T. L. R. Sabino, G. G. Tavares, L. Goliatt, M. Lobosco, R. Weber dos Santos and F. de Oliveira Chaves.

Abstract

The Ordinary Kriging (OK) algorithm is an important method used in geostatistics applications for data interpolation usually based on field measurements of a variable of interest. The OK algorithm is used to estimate the value of a variable based on the variance of previous measurements. The OK algorithm has applications in areas such as environmental science, hydrogeology, mining, weather prediction and remote sensing. However, the OK algorithm is many times not suitable for large volumes of data due to its computational cost. In this work we present a study of a parallel implementation of the OK algorithm that takes advantage of heterogeneous computing environments through the usage of the Open Computing Language (OpenCL) framework. We use the OK algorithm to estimate a Digital Terrain Model (DTM) from a point cloud of a mangrove forest obtained via a terrestrial laser 3D scanning device. A downsampling procedure is applied to the raw data in order to extract the points that belong to the ground and then the OK algorithm is applied to obtain the DTM. The objective of our implementation is to effectively use all the computational resources available to accelerate the OK procedure.
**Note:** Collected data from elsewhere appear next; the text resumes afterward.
lemma greedy_Ufrac_less_1:
  assumes "greedy m d N"
  shows "Ufrac \<alpha> d N < 1"
proof -
  have "0 < (1 - \<alpha>) * \<alpha> ^ N"
    using alpha_pos alpha_less_1 by simp
  then show ?thesis
    using greedy_Ufrac_bound[OF assms] by linarith
qed

lemma greedy_floor_frac:
  assumes "greedy m d (Suc N)"
  shows "\<lfloor>Uval m d (Suc N) * \<alpha>\<rfloor> = Uval m (d \<circ> Suc) N"
    and "frac (Uval m d (Suc N) * \<alpha>) = Ufrac \<alpha> d (Suc N)"
proof -
  have "0 \<le> Ufrac \<alpha> d (Suc N)" "Ufrac \<alpha> d (Suc N) < 1"
    using Ufrac_nonneg alpha_pos greedy_Ufrac_less_1[OF assms] by auto
  then show floor: "\<lfloor>Uval m d (Suc N) * \<alpha>\<rfloor> = Uval m (d \<circ> Suc) N"
    unfolding Uval_Suc_times_alpha by (intro floor_unique) auto
  show "frac (Uval m d (Suc N) * \<alpha>) = Ufrac \<alpha> d (Suc N)"
    unfolding frac_def floor by (simp add: Uval_Suc_times_alpha)
qed


lemma greedy_shift:
  assumes "greedy m d (Suc N)"
  shows "greedy m (d \<circ> Suc) N"
  unfolding greedy_def
proof (intro allI impI)
  fix i assume "i < N"
  then have "Uval m d (Suc (Suc i)) < seqU m (Suc (Suc i))"
    using assms unfolding greedy_def by (meson Suc_mono)
  then have "Uval m d (Suc (Suc i)) * \<alpha> \<le> (seqU m (Suc (Suc i)) - 1) * \<alpha>"
    using alpha_pos by (intro mult_right_mono) (simp_all flip: of_int_diff)
  also have "\<dots> = seqU m (Suc i) + \<alpha> ^ Suc (Suc (Suc i)) - \<alpha>"
    by (simp only: of_int_diff of_int_1 left_diff_distrib seqU_Suc_times_alpha mult_1)
  also have "\<dots> < seqU m (Suc i)"
    using alpha_pos alpha_less_1 power_strict_decreasing[of 1 "Suc (Suc (Suc i))" \<alpha>] by simp
  finally have "Uval m (d \<circ> Suc) (Suc i) + Ufrac \<alpha> d (Suc (Suc i)) < seqU m (Suc i)"
    by (simp only: Uval_Suc_times_alpha)
  moreover have "0 \<le> Ufrac \<alpha> d (Suc (Suc i))"
    using alpha_pos by (simp add: Ufrac_nonneg)
  ultimately show "Uval m (d \<circ> Suc) (Suc i) < seqU m (Suc i)" by linarith
qed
We show that our implementation can scale across multiple CPUs and GPUs devices and it is able to handle volumes of data that are typically produced by real world field measurements. The interpolation is a crucial step to make predictions of a variable at unknown locations, it is important to use the maximum amount of measurements possible in order to increase the performance of the prediction algorithm. Reducing the time to generate the interpolation model is, therefore, extremely important. We also compare the run times of a reference sequential implementation with our parallel one to show that the usage of parallel programming techniques can accelerate the fundamental steps of many important scientific researches.

Keywords

kriging, geostatistics, interpolation, GPGPU, parallelization, heterogeneous computing

References

[1] M. A. Oliver and R. Webster. A tutorial guide to geostatistics: Computing and modelling variograms and kriging. Catena, 113:56–69, 2014.

2] Shengli Tao, Fangfang Wu, Qinghua Guo, Yongcai Wang, Wenkai Li, Baolin Xue, Xueyang Hu, Peng Li, Di Tian, Chao Li, Hui Yao, Yumei Li, Guangcai Xu, and Jingyun Fang. Segmenting tree crowns from terrestrial and mobile LiDAR data by exploring ecological theories. ISPRS Journal of Photogrammetry and Remote Sensing, 110(March 2016):66–76, 2015.

[3] Lluís Pesquer, Ana Cortés, and Xavier Pons. Parallel ordinary kriging interpolation incorporating automatic variogram fitting. Computers and Geosciences, 37(4):464–473, 2011.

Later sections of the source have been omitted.